Task objective —
Filter the data for "that" and copy matching lines.

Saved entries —

text \<open>The witness comes from x^[P] y^[P-1] y = P x^[P] y^[P] = x^[P-1] y^[P] x, transported to the
  generators g through expressions of y and x in terms of them.\<close>

lemma xy_ideal_generators_special_syzygy:
  assumes g: "g \<in> {..<n} \<rightarrow> carrier (DP2 p)" and I: "xy_ideal p = genideal (DP2 p) (g ` {..<n})"
    and u: "u \<in> {..<n} \<rightarrow> carrier (DP2 p)" and v: "v \<in> {..<n} \<rightarrow> carrier (DP2 p)"
    and g_eq: "\<forall>i<n. g i = dpmon 1 0 \<otimes>\<^bsub>DP2 p\<^esub> u i \<oplus>\<^bsub>DP2 p\<^esub> dpmon 0 1 \<otimes>\<^bsub>DP2 p\<^esub> v i"
    and "P \<ge> 1"
  obtains r where "r \<in> syzygies (DP2 p) n g" "lin_comb (DP2 p) n r u (P - 1, P) = -1"
proof -
  have "dpmon 0 1 \<in> genideal (DP2 p) (g ` {..<n})" "dpmon 1 0 \<in> genideal (DP2 p) (g ` {..<n})"
    unfolding I[symmetric] using DP2.genideal_self[of "{dpmon 0 1, dpmon 1 0}" p]
    by (auto simp: dpmon_closed)
  then obtain a b where a: "a \<in> {..<n} \<rightarrow> carrier (DP2 p)" "dpmon 0 1 = lin_comb (DP2 p) n a g"
    and b: "b \<in> {..<n} \<rightarrow> carrier (DP2 p)" "dpmon 1 0 = lin_comb (DP2 p) n b g"
    using DP2.genideal_lin_comb[OF g] by metis
  define X Y where "X = dpmon P (P - 1)" and "Y = dpmon (P - 1) P"
  have X: "X \<in> carrier (DP2 p)" and Y: "Y \<in> carrier (DP2 p)"
    by (simp_all add: X_def Y_def dpmon_closed)
  define r where "r = (\<lambda>i. X \<otimes>\<^bsub>DP2 p\<^esub> a i \<ominus>\<^bsub>DP2 p\<^esub> Y \<otimes>\<^bsub>DP2 p\<^esub> b i)"
  have "r \<in> {..<n} \<rightarrow> carrier (DP2 p)"
    using a b X Y by (auto simp: r_def intro!: DP2.minus_closed DP2_mult_closed)
  moreover have "lin_comb (DP2 p) n r g = X \<otimes>\<^bsub>DP2 p\<^esub> dpmon 0 1 \<ominus>\<^bsub>DP2 p\<^esub> Y \<otimes>\<^bsub>DP2 p\<^esub> dpmon 1 0"
    unfolding r_def a(2) b(2) by (rule DP2_lin_comb_smult_diff[OF X Y a(1) b(1) g])
  moreover have "\<dots> = \<zero>\<^bsub>DP2 p\<^esub>"
    unfolding X_def Y_def dpmon_mult_y_eq_mult_x[OF \<open>P \<ge> 1\<close>]
    by (simp add: DP2.minus_eq DP2.r_neg DP2_mult_closed dpmon_closed)
  ultimately have syz: "r \<in> syzygies (DP2 p) n g" by (simp add: syzygies_def)
  define \<beta> where "\<beta> = lin_comb (DP2 p) n b u"
  have "dpmon 1 0 = lin_comb (DP2 p) n b g" by (rule b(2))
  also have "\<dots> = dpmon 1 0 \<otimes>\<^bsub>DP2 p\<^esub> \<beta> \<oplus>\<^bsub>DP2 p\<^esub> dpmon 0 1 \<otimes>\<^bsub>DP2 p\<^esub> lin_comb (DP2 p) n b v"
    unfolding \<beta>_def by (rule DP2_lin_comb_xy_decomposition[OF b(1) u v g_eq])
  finally have \<beta>_00: "\<beta> (0, 0) = 1" by (rule dpmon_10_cofactor_coeff)
  have "lin_comb (DP2 p) n r u = X \<otimes>\<^bsub>DP2 p\<^esub> lin_comb (DP2 p) n a u \<ominus>\<^bsub>DP2 p\<^esub> Y \<otimes>\<^bsub>DP2 p\<^esub> \<beta>"
    unfolding r_def \<beta>_def by (rule DP2_lin_comb_smult_diff[OF X Y a(1) b(1) u])
  then have "lin_comb (DP2 p) n r u (P - 1, P) =
      (X \<otimes>\<^bsub>DP2 p\<^esub> lin_comb (DP2 p) n a u) (P - 1, P) - (Y \<otimes>\<^bsub>DP2 p\<^esub> \<beta>) (P - 1, P)"
    using X Y a(1) b(1) u by (simp add: \<beta>_def DP2_minus DP2_mult_closed DP2.lin_comb_closed)
  also have "\<dots> = -1"
    unfolding X_def Y_def dpmon_mult using \<open>P \<ge> 1\<close> \<beta>_00 by simp
  finally show ?thesis using that syz by blast
qed

lemma xy_ideal_not_finitely_presented:
  assumes "prime p"
  shows "\<not> finitely_presented_ideal (DP2 p) (xy_ideal p)"
proof
  assume "finitely_presented_ideal (DP2 p) (xy_ideal p)"
  then obtain n g and m :: nat and s where g: "g \<in> {..<n} \<rightarrow> carrier (DP2 p)"
    and I: "xy_ideal p = genideal (DP2 p) (g ` {..<n})"
    and syz: "\<forall>k<m. s k \<in> syzygies (DP2 p) n g"
    and gen: "\<forall>r\<in>syzygies (DP2 p) n g. \<exists>c. c \<in> {..<m} \<rightarrow> carrier (DP2 p) \<and>
               (\<forall>i<n. r i = (\<Oplus>\<^bsub>DP2 p\<^esub>k\<in>{..<m}. c k \<otimes>\<^bsub>DP2 p\<^esub> s k i))"
    unfolding finitely_presented_ideal_def by blast
  have "\<forall>i<n. g i \<in> xy_ideal p"
    unfolding I using g DP2.genideal_self[of "g ` {..<n}" p] by auto
  then obtain u v where u: "u \<in> {..<n} \<rightarrow> carrier (DP2 p)" and v: "v \<in> {..<n} \<rightarrow> carrier (DP2 p)"
    and g_eq: "\<forall>i<n. g i = dpmon 1 0 \<otimes>\<^bsub>DP2 p\<^esub> u i \<oplus>\<^bsub>DP2 p\<^esub> dpmon 0 1 \<otimes>\<^bsub>DP2 p\<^esub> v i"
    by (rule xy_ideal_decompose_family)
  have s: "s k \<in> {..<n} \<rightarrow> carrier (DP2 p)" "lin_comb (DP2 p) n (s k) g = \<zero>\<^bsub>DP2 p\<^esub>" if "k < m" for k
    using syz that unfolding syzygies_def by auto
  define w z where "w k = lin_comb (DP2 p) n (s k) u" and "z k = lin_comb (DP2 p) n (s k) v" for k
  have w: "w \<in> {..<m} \<rightarrow> carrier (DP2 p)" and z: "z \<in> {..<m} \<rightarrow> carrier (DP2 p)"
    using u v by (auto simp: w_def z_def intro!: DP2.lin_comb_closed s(1))
  have rel: "\<forall>k<m. dpmon 1 0 \<otimes>\<^bsub>DP2 p\<^esub> w k \<oplus>\<^bsub>DP2 p\<^esub> dpmon 0 1 \<otimes>\<^bsub>DP2 p\<^esub> z k = \<zero>\<^bsub>DP2 p\<^esub>"
    using s DP2_lin_comb_xy_decomposition[OF _ u v g_eq] by (simp add: w_def z_def)
  obtain N where deg: "\<forall>k<m. \<forall>i j. w k (i, j) \<noteq> 0 \<longrightarrow> i < N"
    using DP2_x_degree_bound[OF w] by blast
  define P where "P = p ^ fact N"
  have "fact N < (2::nat) ^ fact N" by simp
  also have "\<dots> \<le> P" unfolding P_def using prime_gt_1_nat[OF assms] by (intro power_mono) auto
  finally have "fact N < P" .
  then have "P \<ge> 1" by simp
  then obtain r where r: "r \<in> syzygies (DP2 p) n g"
    and r_val: "lin_comb (DP2 p) n r u (P - 1, P) = -1"
    by (rule xy_ideal_generators_special_syzygy[OF g I u v g_eq])
  then obtain c where c: "c \<in> {..<m} \<rightarrow> carrier (DP2 p)"
    and rc: "\<forall>i<n. r i = (\<Oplus>\<^bsub>DP2 p\<^esub>k\<in>{..<m}. c k \<otimes>\<^bsub>DP2 p\<^esub> s k i)"
    using gen by blast
  have "lin_comb (DP2 p) n r u = (\<Oplus>\<^bsub>DP2 p\<^esub>k\<in>{..<m}. c k \<otimes>\<^bsub>DP2 p\<^esub> w k)"
    unfolding w_def using DP2_lin_comb_finsum_coeffs[OF c _ u rc] s by blast
  then have "of_nat (fact N) * (-1) / of_nat P \<in> Zloc p"
    using xy_syzygies_span_coeff_in_Zloc[OF c w z rel deg, of P] r_val by simp
  then have "P dvd fact N"
    unfolding P_def using Zloc_uminus prime_gt_0_nat[OF assms]
    by (intro prime_power_dvd_if_div_in_Zloc) fastforce+
  then show False using \<open>fact N < P\<close> by (simp add: nat_dvd_not_less)
qed

theorem mainTheorem4:
  fixes p :: nat
  assumes "prime p"
  shows "\<not> finitely_presented_ideal (DP2 p) (genideal (DP2 p) {dpmon 0 1, dpmon 1 0})
       \<and> \<not> graded_coherent (DP2 p) x_homogeneous
       \<and> \<not> coherent (DP2 p)
       \<and> \<not> graded_coherent (DP2 p) bi_homogeneous"
  using xy_ideal_not_finitely_presented[OF assms] xy_ideal_ideal xy_ideal_finitely_generated
    xy_ideal_x_homogeneous xy_ideal_bi_homogeneous
  unfolding graded_coherent_def coherent_def by blast

end
(* For any $\varepsilon \in \{-1,1\}^n$ and any $y \in \mathbb{R}^n$, let $$S = \{1 \le i \le n : \mathrm{sign}(y_i) \neq \varepsilon_i\}.$$ Then $$\left\| y - \left\langle y, \frac{\varepsilon}{\|\varepsilon\|}\right\rangle \frac{\varepsilon}{\|\varepsilon\|}\right\|^2 \ge \frac{\min\{\#S, n - \#S\}}{n}\, \|y\|^2.$$
   Context: $\mathrm{sign}(t)$ denotes the sign of a real number $t$ (with $\mathrm{sign}(0)=0$); $\|\cdot\|$ is the Euclidean norm. *)

theory Defs
  imports "HOL-Analysis.Analysis"
begin

end

theory Submission
  imports Defs
begin

text \<open>Removing the component along \<open>\<epsilon>\<close> subtracts \<open>(y \<bullet> \<epsilon>)\<^sup>2 / n\<close> from \<open>\<parallel>y\<parallel>\<^sup>2\<close>.
  Off \<open>S\<close> the products \<open>y\<^sub>i \<epsilon>\<^sub>i\<close> equal \<open>\<bar>y\<^sub>i\<bar>\<close>, on \<open>S\<close> they equal \<open>-\<bar>y\<^sub>i\<bar>\<close>, so \<open>y \<bullet> \<epsilon>\<close> is a
  difference of two nonnegative sums; its square is at most the larger of their squares,
  and by Cauchy-Schwarz a sum of \<open>m\<close> absolute coordinates has square at most \<open>m \<parallel>y\<parallel>\<^sup>2\<close>.
  Hence \<open>(y \<bullet> \<epsilon>)\<^sup>2 \<le> max #S (n - #S) \<parallel>y\<parallel>\<^sup>2 = (n - min #S (n - #S)) \<parallel>y\<parallel>\<^sup>2\<close>.\<close>

lemma norm_diff_projection_squared:
  fixes y e :: "'a :: real_inner"
  assumes "e \<noteq> 0"
  shows "(norm (y - (y \<bullet> (e /\<^sub>R norm e)) *\<^sub>R (e /\<^sub>R norm e)))\<^sup>2
           = (norm y)\<^sup>2 - (y \<bullet> e)\<^sup>2 / (norm e)\<^sup>2"
proof -
  define u where "u = e /\<^sub>R norm e"
  have u_unit: "u \<bullet> u = 1"
    using assms by (simp add: u_def power2_norm_eq_inner[symmetric])
  have "(norm (y - (y \<bullet> u) *\<^sub>R u))\<^sup>2 = y \<bullet> y - 2 * (y \<bullet> u)\<^sup>2 + (y \<bullet> u)\<^sup>2 * (u \<bullet> u)"
    unfolding power2_norm_eq_inner
    by (simp add: inner_diff inner_commute power2_eq_square algebra_simps)
  also have "\<dots> = (norm y)\<^sup>2 - (y \<bullet> u)\<^sup>2"
    using u_unit by (simp add: power2_norm_eq_inner)
  also have "(y \<bullet> u)\<^sup>2 = (y \<bullet> e)\<^sup>2 / (norm e)\<^sup>2"
    by (simp add: u_def power_mult_distrib power_inverse divide_inverse)
  finally show ?thesis by (simp add: u_def)
qed

lemma norm_sign_vector_squared:
  fixes \<epsilon> :: "real ^ 'n"
  assumes "\<forall>i. \<epsilon> $ i \<in> {-1, 1}"
  shows "(norm \<epsilon>)\<^sup>2 = real CARD('n)"
proof -
  have "\<epsilon> $ i * \<epsilon> $ i = 1" for i
    using assms[rule_format, of i] by auto
  then show ?thesis
    by (simp add: power2_norm_eq_inner inner_vec_def)
qed

lemma inner_sign_vector_eq_diff:
  fixes \<epsilon> y :: "real ^ 'n"
  assumes "\<forall>i. \<epsilon> $ i \<in> {-1, 1}"
  defines "S \<equiv> {i. sgn (y $ i) \<noteq> \<epsilon> $ i}"
  shows "y \<bullet> \<epsilon> = (\<Sum>i\<in>-S. \<bar>y $ i\<bar>) - (\<Sum>i\<in>S. \<bar>y $ i\<bar>)"
proof -
  have off_S: "y $ i * \<epsilon> $ i = \<bar>y $ i\<bar>" if "i \<in> -S" for i
    using that by (simp add: S_def abs_sgn)
  have on_S: "y $ i * \<epsilon> $ i = - \<bar>y $ i\<bar>" if "i \<in> S" for i
  proof (cases "y $ i = 0")
    case False
    then have "sgn (y $ i) \<in> {-1, 1}" and "sgn (y $ i) \<noteq> \<epsilon> $ i"
      using that by (auto simp: S_def sgn_if)
    then have "\<epsilon> $ i = - sgn (y $ i)"
      using assms(1)[rule_format, of i] by auto
    then show ?thesis
      by (simp add: abs_sgn)
  qed simp
  have "y \<bullet> \<epsilon> = (\<Sum>i\<in>-S. y $ i * \<epsilon> $ i) + (\<Sum>i\<in>S. y $ i * \<epsilon> $ i)"
    using sum.subset_diff[of S UNIV "\<lambda>i. y $ i * \<epsilon> $ i"]
    by (simp add: inner_vec_def Compl_eq_Diff_UNIV)
  also have "\<dots> = (\<Sum>i\<in>-S. \<bar>y $ i\<bar>) - (\<Sum>i\<in>S. \<bar>y $ i\<bar>)"
    using off_S on_S by (simp add: sum_negf)
  finally show ?thesis .
qed

lemma sum_abs_component_squared_le:
  fixes y :: "real ^ 'n"
  shows "(\<Sum>i\<in>A. \<bar>y $ i\<bar>)\<^sup>2 \<le> real (card A) * (norm y)\<^sup>2"
proof -
  have "(\<Sum>i\<in>A. \<bar>y $ i\<bar>)\<^sup>2 \<le> (\<Sum>i\<in>A. (y $ i)\<^sup>2) * real (card A)"
    using sum_squared_le_sum_of_squares[of "\<lambda>i. \<bar>y $ i\<bar>" A] by simp
  also have "\<dots> \<le> (\<Sum>i\<in>UNIV. (y $ i)\<^sup>2) * real (card A)"
    by (intro mult_right_mono sum_mono2) auto
  also have "(\<Sum>i\<in>UNIV. (y $ i)\<^sup>2) = (norm y)\<^sup>2"
    unfolding power2_norm_eq_inner inner_vec_def by (simp add: power2_eq_square)
  finally show ?thesis
    by (simp add: mult.commute)
qed

lemma diff_squared_le_max_squares:
  fixes a b :: real
  assumes "0 \<le> a" "0 \<le> b"
  shows "(a - b)\<^sup>2 \<le> max (a\<^sup>2) (b\<^sup>2)"
proof (cases "a \<le> b")
  case True
  then have "(b - a)\<^sup>2 \<le> b\<^sup>2"
    using assms by (intro power_mono) auto
  then show ?thesis
    by (simp add: power2_commute)
next
  case False
  then have "(a - b)\<^sup>2 \<le> a\<^sup>2"
    using assms by (intro power_mono) auto
  then show ?thesis
    by simp
qed

lemma inner_sign_vector_squared_le:
  fixes \<epsilon> y :: "real ^ 'n"
  assumes eps: "\<forall>i. \<epsilon> $ i \<in> {-1, 1}"
  defines "S \<equiv> {i. sgn (y $ i) \<noteq> \<epsilon> $ i}"
  shows "(y \<bullet> \<epsilon>)\<^sup>2 \<le> real (CARD('n) - min (card S) (CARD('n) - card S)) * (norm y)\<^sup>2"
proof -
  define a where "a = (\<Sum>i\<in>-S. \<bar>y $ i\<bar>)"
  define b where "b = (\<Sum>i\<in>S. \<bar>y $ i\<bar>)"
  have card_Compl: "card (-S) = CARD('n) - card S"
    by (simp add: Compl_eq_Diff_UNIV card_Diff_subset)
  have "(y \<bullet> \<epsilon>)\<^sup>2 = (a - b)\<^sup>2"
    using inner_sign_vector_eq_diff[OF eps] by (simp add: a_def b_def S_def)
  also have "\<dots> \<le> max (a\<^sup>2) (b\<^sup>2)"
    by (rule diff_squared_le_max_squares) (simp_all add: a_def b_def sum_nonneg)
  also have "\<dots> \<le> max (real (CARD('n) - card S) * (norm y)\<^sup>2) (real (card S) * (norm y)\<^sup>2)"
  proof (rule max.mono)
    show "a\<^sup>2 \<le> real (CARD('n) - card S) * (norm y)\<^sup>2"
      using sum_abs_component_squared_le[of y "-S"] by (simp add: a_def card_Compl)
    show "b\<^sup>2 \<le> real (card S) * (norm y)\<^sup>2"
      using sum_abs_component_squared_le[of y S] by (simp add: b_def)
  qed
  also have "\<dots> = real (max (CARD('n) - card S) (card S)) * (norm y)\<^sup>2"
    using max_mult_distrib_right[of "real (CARD('n) - card S)" "real (card S)" "(norm y)\<^sup>2"]
    by simp
  also have "max (CARD('n) - card S) (card S) = CARD('n) - min (card S) (CARD('n) - card S)"
    using card_mono[of UNIV S] by simp
  finally show ?thesis .
qed

theorem lemma2:
  fixes \<epsilon> y :: "real ^ 'n"
  assumes eps: "\<forall>i. \<epsilon> $ i \<in> {-1, 1}"
  defines "S \<equiv> {i. sgn (y $ i) \<noteq> \<epsilon> $ i}"
  shows "(norm (y - (y \<bullet> (\<epsilon> /\<^sub>R norm \<epsilon>)) *\<^sub>R (\<epsilon> /\<^sub>R norm \<epsilon>)))\<^sup>2
           \<ge> real (min (card S) (CARD('n) - card S)) / real CARD('n) * (norm y)\<^sup>2"
proof -
  define n where "n = CARD('n)"
  define m where "m = min (card S) (n - card S)"
  have "n > 0" "m \<le> n"
    by (simp_all add: n_def m_def)
  have norm_eps: "(norm \<epsilon>)\<^sup>2 = real n"
    using norm_sign_vector_squared[OF eps] by (simp add: n_def)
  then have "\<epsilon> \<noteq> 0"
    using \<open>n > 0\<close> by auto
  have bound: "(y \<bullet> \<epsilon>)\<^sup>2 \<le> real (n - m) * (norm y)\<^sup>2"
    using inner_sign_vector_squared_le[OF eps] by (simp add: S_def n_def m_def)
  have "real m / real n * (norm y)\<^sup>2 = (norm y)\<^sup>2 - real (n - m) * (norm y)\<^sup>2 / real n"
    using \<open>n > 0\<close> \<open>m \<le> n\<close> by (simp add: of_nat_diff diff_divide_distrib left_diff_distrib)
  also have "\<dots> \<le> (norm y)\<^sup>2 - (y \<bullet> \<epsilon>)\<^sup>2 / real n"
    using bound by (simp add: divide_right_mono)
  also have "\<dots> = (norm (y - (y \<bullet> (\<epsilon> /\<^sub>R norm \<epsilon>)) *\<^sub>R (\<epsilon> /\<^sub>R norm \<epsilon>)))\<^sup>2"
    using norm_diff_projection_squared[OF \<open>\<epsilon> \<noteq> 0\<close>, of y] by (simp add: norm_eps)
  finally show ?thesis
    by (simp add: n_def m_def)
qed

end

Final answer —
  finally show ?thesis using that syz by blast
    using syz that unfolding syzygies_def by auto
    using that by (simp add: S_def abs_sgn)
      using that by (auto simp: S_def sgn_if)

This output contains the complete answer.